■ **Dataset entries**:
◆ ◆ ◆ ◆ ◆

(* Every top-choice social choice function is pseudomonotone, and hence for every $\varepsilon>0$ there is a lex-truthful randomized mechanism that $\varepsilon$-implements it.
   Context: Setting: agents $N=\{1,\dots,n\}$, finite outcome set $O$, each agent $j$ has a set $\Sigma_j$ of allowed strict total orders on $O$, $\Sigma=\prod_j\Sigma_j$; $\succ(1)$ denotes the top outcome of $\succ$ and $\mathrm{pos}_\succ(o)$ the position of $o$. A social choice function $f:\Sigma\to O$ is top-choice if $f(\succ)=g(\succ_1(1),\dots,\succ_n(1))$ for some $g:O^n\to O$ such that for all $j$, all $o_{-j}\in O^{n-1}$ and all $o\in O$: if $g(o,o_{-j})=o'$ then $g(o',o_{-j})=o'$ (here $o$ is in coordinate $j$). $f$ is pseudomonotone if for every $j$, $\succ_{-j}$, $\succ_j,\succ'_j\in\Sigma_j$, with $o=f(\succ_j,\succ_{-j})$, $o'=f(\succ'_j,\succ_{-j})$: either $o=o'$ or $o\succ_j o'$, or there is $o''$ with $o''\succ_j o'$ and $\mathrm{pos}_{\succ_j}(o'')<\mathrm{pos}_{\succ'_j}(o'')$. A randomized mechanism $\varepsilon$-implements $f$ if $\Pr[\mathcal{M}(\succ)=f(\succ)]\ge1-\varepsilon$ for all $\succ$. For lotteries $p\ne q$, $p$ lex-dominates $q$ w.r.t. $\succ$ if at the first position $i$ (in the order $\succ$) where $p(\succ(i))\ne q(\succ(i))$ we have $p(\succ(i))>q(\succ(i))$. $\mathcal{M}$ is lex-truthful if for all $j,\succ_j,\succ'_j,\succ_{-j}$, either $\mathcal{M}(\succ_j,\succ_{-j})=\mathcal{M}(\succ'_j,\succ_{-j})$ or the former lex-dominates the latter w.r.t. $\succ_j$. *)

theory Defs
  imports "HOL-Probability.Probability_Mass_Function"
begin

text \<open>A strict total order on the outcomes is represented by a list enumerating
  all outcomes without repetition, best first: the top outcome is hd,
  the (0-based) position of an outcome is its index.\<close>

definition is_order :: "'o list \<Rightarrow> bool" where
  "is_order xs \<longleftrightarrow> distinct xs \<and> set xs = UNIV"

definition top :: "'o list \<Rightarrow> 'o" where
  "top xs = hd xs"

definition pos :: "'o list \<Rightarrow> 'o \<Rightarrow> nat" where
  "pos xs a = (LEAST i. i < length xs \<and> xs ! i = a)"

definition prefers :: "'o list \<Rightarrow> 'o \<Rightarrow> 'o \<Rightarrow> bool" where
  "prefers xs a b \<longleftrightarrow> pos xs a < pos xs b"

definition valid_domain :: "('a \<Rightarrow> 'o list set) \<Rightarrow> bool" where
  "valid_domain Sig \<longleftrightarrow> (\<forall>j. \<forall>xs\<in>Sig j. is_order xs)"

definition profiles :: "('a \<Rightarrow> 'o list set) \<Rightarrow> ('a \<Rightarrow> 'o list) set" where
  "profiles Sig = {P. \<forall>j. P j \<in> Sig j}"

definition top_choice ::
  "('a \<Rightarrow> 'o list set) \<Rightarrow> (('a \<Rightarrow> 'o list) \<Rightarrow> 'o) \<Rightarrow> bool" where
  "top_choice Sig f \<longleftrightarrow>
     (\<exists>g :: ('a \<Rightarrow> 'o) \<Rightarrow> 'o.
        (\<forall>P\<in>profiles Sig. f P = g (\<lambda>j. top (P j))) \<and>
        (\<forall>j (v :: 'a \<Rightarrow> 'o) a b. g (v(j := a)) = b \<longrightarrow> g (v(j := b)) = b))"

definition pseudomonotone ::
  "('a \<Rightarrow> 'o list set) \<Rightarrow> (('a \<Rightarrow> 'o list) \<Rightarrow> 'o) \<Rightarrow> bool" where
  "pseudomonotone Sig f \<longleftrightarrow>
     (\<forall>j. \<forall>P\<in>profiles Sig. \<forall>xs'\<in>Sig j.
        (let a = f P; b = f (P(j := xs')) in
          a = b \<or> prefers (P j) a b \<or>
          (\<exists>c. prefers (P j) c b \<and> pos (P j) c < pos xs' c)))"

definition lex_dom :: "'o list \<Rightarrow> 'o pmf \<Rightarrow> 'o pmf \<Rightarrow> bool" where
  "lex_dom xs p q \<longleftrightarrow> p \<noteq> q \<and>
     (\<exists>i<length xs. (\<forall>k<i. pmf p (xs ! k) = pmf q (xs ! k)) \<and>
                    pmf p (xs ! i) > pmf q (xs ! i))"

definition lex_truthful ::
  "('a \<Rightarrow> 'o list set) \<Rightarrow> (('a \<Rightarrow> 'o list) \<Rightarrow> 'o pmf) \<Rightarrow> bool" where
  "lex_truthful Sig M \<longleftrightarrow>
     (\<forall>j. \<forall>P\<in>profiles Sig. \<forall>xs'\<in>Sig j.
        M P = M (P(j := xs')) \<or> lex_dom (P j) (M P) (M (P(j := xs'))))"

◆ ◆ ◆ ◆ ◆

■ **Brief**:
Please reproduce every record shown above, exactly as written.

■ **Answer to this task**:
(* Every top-choice social choice function is pseudomonotone, and hence for every $\varepsilon>0$ there is a lex-truthful randomized mechanism that $\varepsilon$-implements it.
   Context: Setting: agents $N=\{1,\dots,n\}$, finite outcome set $O$, each agent $j$ has a set $\Sigma_j$ of allowed strict total orders on $O$, $\Sigma=\prod_j\Sigma_j$; $\succ(1)$ denotes the top outcome of $\succ$ and $\mathrm{pos}_\succ(o)$ the position of $o$. A social choice function $f:\Sigma\to O$ is top-choice if $f(\succ)=g(\succ_1(1),\dots,\succ_n(1))$ for some $g:O^n\to O$ such that for all $j$, all $o_{-j}\in O^{n-1}$ and all $o\in O$: if $g(o,o_{-j})=o'$ then $g(o',o_{-j})=o'$ (here $o$ is in coordinate $j$). $f$ is pseudomonotone if for every $j$, $\succ_{-j}$, $\succ_j,\succ'_j\in\Sigma_j$, with $o=f(\succ_j,\succ_{-j})$, $o'=f(\succ'_j,\succ_{-j})$: either $o=o'$ or $o\succ_j o'$, or there is $o''$ with $o''\succ_j o'$ and $\mathrm{pos}_{\succ_j}(o'')<\mathrm{pos}_{\succ'_j}(o'')$. A randomized mechanism $\varepsilon$-implements $f$ if $\Pr[\mathcal{M}(\succ)=f(\succ)]\ge1-\varepsilon$ for all $\succ$. For lotteries $p\ne q$, $p$ lex-dominates $q$ w.r.t. $\succ$ if at the first position $i$ (in the order $\succ$) where $p(\succ(i))\ne q(\succ(i))$ we have $p(\succ(i))>q(\succ(i))$. $\mathcal{M}$ is lex-truthful if for all $j,\succ_j,\succ'_j,\succ_{-j}$, either $\mathcal{M}(\succ_j,\succ_{-j})=\mathcal{M}(\succ'_j,\succ_{-j})$ or the former lex-dominates the latter w.r.t. $\succ_j$. *)

theory Defs
  imports "HOL-Probability.Probability_Mass_Function"
begin

text \<open>A strict total order on the outcomes is represented by a list enumerating
  all outcomes without repetition, best first: the top outcome is hd,
  the (0-based) position of an outcome is its index.\<close>

definition is_order :: "'o list \<Rightarrow> bool" where
  "is_order xs \<longleftrightarrow> distinct xs \<and> set xs = UNIV"

definition top :: "'o list \<Rightarrow> 'o" where
  "top xs = hd xs"

definition pos :: "'o list \<Rightarrow> 'o \<Rightarrow> nat" where
  "pos xs a = (LEAST i. i < length xs \<and> xs ! i = a)"

definition prefers :: "'o list \<Rightarrow> 'o \<Rightarrow> 'o \<Rightarrow> bool" where
  "prefers xs a b \<longleftrightarrow> pos xs a < pos xs b"

definition valid_domain :: "('a \<Rightarrow> 'o list set) \<Rightarrow> bool" where
  "valid_domain Sig \<longleftrightarrow> (\<forall>j. \<forall>xs\<in>Sig j. is_order xs)"

definition profiles :: "('a \<Rightarrow> 'o list set) \<Rightarrow> ('a \<Rightarrow> 'o list) set" where
  "profiles Sig = {P. \<forall>j. P j \<in> Sig j}"

definition top_choice ::
  "('a \<Rightarrow> 'o list set) \<Rightarrow> (('a \<Rightarrow> 'o list) \<Rightarrow> 'o) \<Rightarrow> bool" where
  "top_choice Sig f \<longleftrightarrow>
     (\<exists>g :: ('a \<Rightarrow> 'o) \<Rightarrow> 'o.
        (\<forall>P\<in>profiles Sig. f P = g (\<lambda>j. top (P j))) \<and>
        (\<forall>j (v :: 'a \<Rightarrow> 'o) a b. g (v(j := a)) = b \<longrightarrow> g (v(j := b)) = b))"

definition pseudomonotone ::
  "('a \<Rightarrow> 'o list set) \<Rightarrow> (('a \<Rightarrow> 'o list) \<Rightarrow> 'o) \<Rightarrow> bool" where
  "pseudomonotone Sig f \<longleftrightarrow>
     (\<forall>j. \<forall>P\<in>profiles Sig. \<forall>xs'\<in>Sig j.
        (let a = f P; b = f (P(j := xs')) in
          a = b \<or> prefers (P j) a b \<or>
          (\<exists>c. prefers (P j) c b \<and> pos (P j) c < pos xs' c)))"

definition lex_dom :: "'o list \<Rightarrow> 'o pmf \<Rightarrow> 'o pmf \<Rightarrow> bool" where
  "lex_dom xs p q \<longleftrightarrow> p \<noteq> q \<and>
     (\<exists>i<length xs. (\<forall>k<i. pmf p (xs ! k) = pmf q (xs ! k)) \<and>
                    pmf p (xs ! i) > pmf q (xs ! i))"

definition lex_truthful ::
  "('a \<Rightarrow> 'o list set) \<Rightarrow> (('a \<Rightarrow> 'o list) \<Rightarrow> 'o pmf) \<Rightarrow> bool" where
  "lex_truthful Sig M \<longleftrightarrow>
     (\<forall>j. \<forall>P\<in>profiles Sig. \<forall>xs'\<in>Sig j.
        M P = M (P(j := xs')) \<or> lex_dom (P j) (M P) (M (P(j := xs'))))"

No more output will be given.